Сказав так, он поспешил обратно во дворец маркизы и, перешагивая через все приличия, бросился прямо в покои Кларинды, которая, горестно стеня (как герой в отравленной рубахе, зажигающий на Эте смертный костер), оплакивала не столько свой печальный конец, сколько то, что причиной бедствия по несчастной случайности стал самый дорогой ее сердцу человек и что обманутая доверчивость д'Алегра будет для него источником незаслуженных терзаний, тогда как он совершенно безгрешен. И еще более страшась, что после ее смерти ему предъявят суровое обвинение и приговорят к казни, умирающая принцесса тревожилась только о том, как его оправдать.

Внезапно, не кончив речи, видит она д'Алегра с окровавленной шпагой, который повергается к ее ногам и, глядя ей в глаза, говорит:

– Госпожа моя, этот клинок покарал вероломство коварнейшего из злодеев, живших когда-либо под солнцем, который, думая отравить меня яблоком, нанес мне (увы!) гораздо больший вред, ибо сделал меня виновником вашего недуга и тем казнил так жестоко, как не мог и надеяться. И поскольку я заставил его сполна платить за причиненное мне зло, умоляю вас, сударыня, взыщите и вы с меня за то зло, какое я причинил вам; хотя, чтобы удовлетворить вас по справедливости, мне мало умереть и тысячу раз. Увы! Мне нечем загладить мое преступление. Все же, если не чуждо вам желание помогать несчастным, умоляю: избавьте меня от жизни и от всех ее горестей. Тогда я отомщу моей злой судьбе, из-за которой я стал причиной вашего бедствия и сам себя обрек на гибель. Если же вы находите, что я не достоин такого блага, как смерть от вашей милостивой руки, и что грех мой слишком велик для столь высокой чести, то произнесите хотя бы карающий меня приговор, чтобы я, исполнив его у вас на глазах, мог облегчить ваши мучения хотя бы отчасти. Ваша душа знает жалость; не отказывайте же мне, ради бога, в этом последнем снисхождении, которого я прошу у вас в благодарность за мое чистосердечное стремление быть вашим вечным слугой.

На это скорбная, изнемогающая от грусти и сострадания принцесса (для которой исповедь ее несчастного губителя стала целительным елеем) отвечала, крепко его обнимая;

– О дорогой друг, неужели вам кажется, что меня мало терзает моя жестокая болезнь? Нужно ли наносить мне еще один удар и усугублять мои мучения зрелищем вашей незаслуженной казни? Не требуйте от меня согласия на это, и я умру довольной и счастливой.

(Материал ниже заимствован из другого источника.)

(* Let $\Lambda_0\subset\mathbb{R}^n$ be an $n$-dimensional lattice of density $\beta=e^{n\delta}$, used over an additive circularly-symmetric noise (ACSN) channel whose noise norm $\|z\|$ has density $f_{\|z\|}$. For $r>0$ define $$\alpha(r)=\inf_{\alpha'\in\mathcal{A}_{2r}}\ \sup_{0<x\le 2e^{\delta}r}\alpha'(x).$$ Then the error probability of the maximum-likelihood (nearest-lattice-point) decoder satisfies, for every $r>0$, $$P_e(\Lambda_0)\le \alpha(r)\,\beta V_n\int_0^{r}f_{\|z\|}(\rho)\rho^n\,d\rho+\int_r^\infty f_{\|z\|}(\rho)\,d\rho,$$ and hence $P_e(\Lambda_0)$ is at most the minimum over $r$ of the right-hand side.
   Context: An ACSN channel: the receiver observes $y=\lambda+z$, where $\lambda$ is the transmitted lattice point and $z\in\mathbb{R}^n$ is noise whose distribution is isotropic (invariant under orthogonal maps) with density a non-increasing function of $\|z\|$; $f_{\|z\|}$ is the density of $\|z\|$. The ML decoder errs when $z$ is not in the Voronoi cell $\{y:\|y\|<\|y-\lambda\|\ \forall\lambda\in\Lambda_0\setminus\{0\}\}$ of $0$; $P_e(\Lambda_0)$ is this probability. $V_n$ is the volume of the unit $n$-ball, $\beta=1/\det\Lambda_0$, $\delta=\frac1n\ln\beta$. The distance series $0<\lambda_1<\lambda_2<\cdots$ lists the distinct norms of nonzero lattice vectors, $\mathcal{N}_j=\#\{\lambda\in\Lambda_0:\|\lambda\|=\lambda_j\}$, and $\widetilde\lambda_j=e^{\delta}\lambda_j$. For $L>0$, $\mathcal{A}_L$ is the set of functions $\alpha'(x)=N'(x)/(nV_nx^{n-1})$ ($x>0$), where $N'\ge0$ is a locally integrable function on $(0,\infty)$ with $\sum_{j:\widetilde\lambda_j\le t}\mathcal{N}_j\le\int_0^tN'(x)\,dx$ for all $t\in(0,e^{\delta}L]$. (In the paper, $\alpha(r)=\max_{x\le 2e^{\delta}r}\alpha^{\mathrm{opt}}(x)$ with $\alpha^{\mathrm{opt}}$ a minimizer of this min–max problem.) *)

theory Defs
  imports "HOL-Probability.Probability"
begin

Ибо если я и вправе роптать на судьбу, обрекшую меня во цвете лет на столь печальную кончину, то, с другой стороны, мне есть и за что благодарить небо: ведь оно своей милостью и благоволением сократило долгие страдания, уготованные мне любовью, да еще и подало мне исцеление чрез того, кто был причиной моего недуга. Недаром мудрый Аполлоний на вопрос, как лучше наказать влюбленного, отвечал, что следует сохранить ему жизнь. Ах! Близок миг моего освобождения и радостного перехода в иное бытие: поэтому я признаюсь, мой Алегр, что ваша красота и редкая доблесть зажгли в моем слабом сердце чистую и благородную любовь, и она изо дня в день подтачивала мои жизненные силы. Яд же, который сожжет меня другим огнем, как мне кажется, возымел жалость к моему плачевному состоянию. Разве он не спас меня от великой муки? Вот почему, друг мой, я заклинаю вас тем несравненным чувством, которое хранила и буду хранить вечно, если только в новой жизни блаженные души помнят о том, что на земле им было дороже всего, и если любовь не погребают вместе с телом; я прошу вас последней просьбой, или, коль и впрямь я располагаю властью, какую вы мне некогда предоставили, повелеваю вам (под страхом, что я признаю вас непокорным и неверным слугой): живите счастливо и весело, ибо я, не имея причин роптать, прощаю вам от чистого сердца мою смерть, в которой вы нисколько не виноваты, и соглашаюсь на то, чтобы другая, более удачливая девушка насладилась благом, предназначавшимся мне одной, – с тем, что вы не забудете меня, ожидающую вас в лучшем месте, так как этот мир не дал свершиться нашим чистым желаниям. Не посягайте же столь безрассудно на свою жизнь, если не хотите разрушить наш священный союз, хранителем которого вы остаетесь согласно моему завещанию и последней воле. И, уверясь, что этого не случится, я с радостью пойду навстречу смерти, которая была ко мне весьма милостива, позволив так долго с вами прощаться и беспечально кончить жизнь в ваших объятиях.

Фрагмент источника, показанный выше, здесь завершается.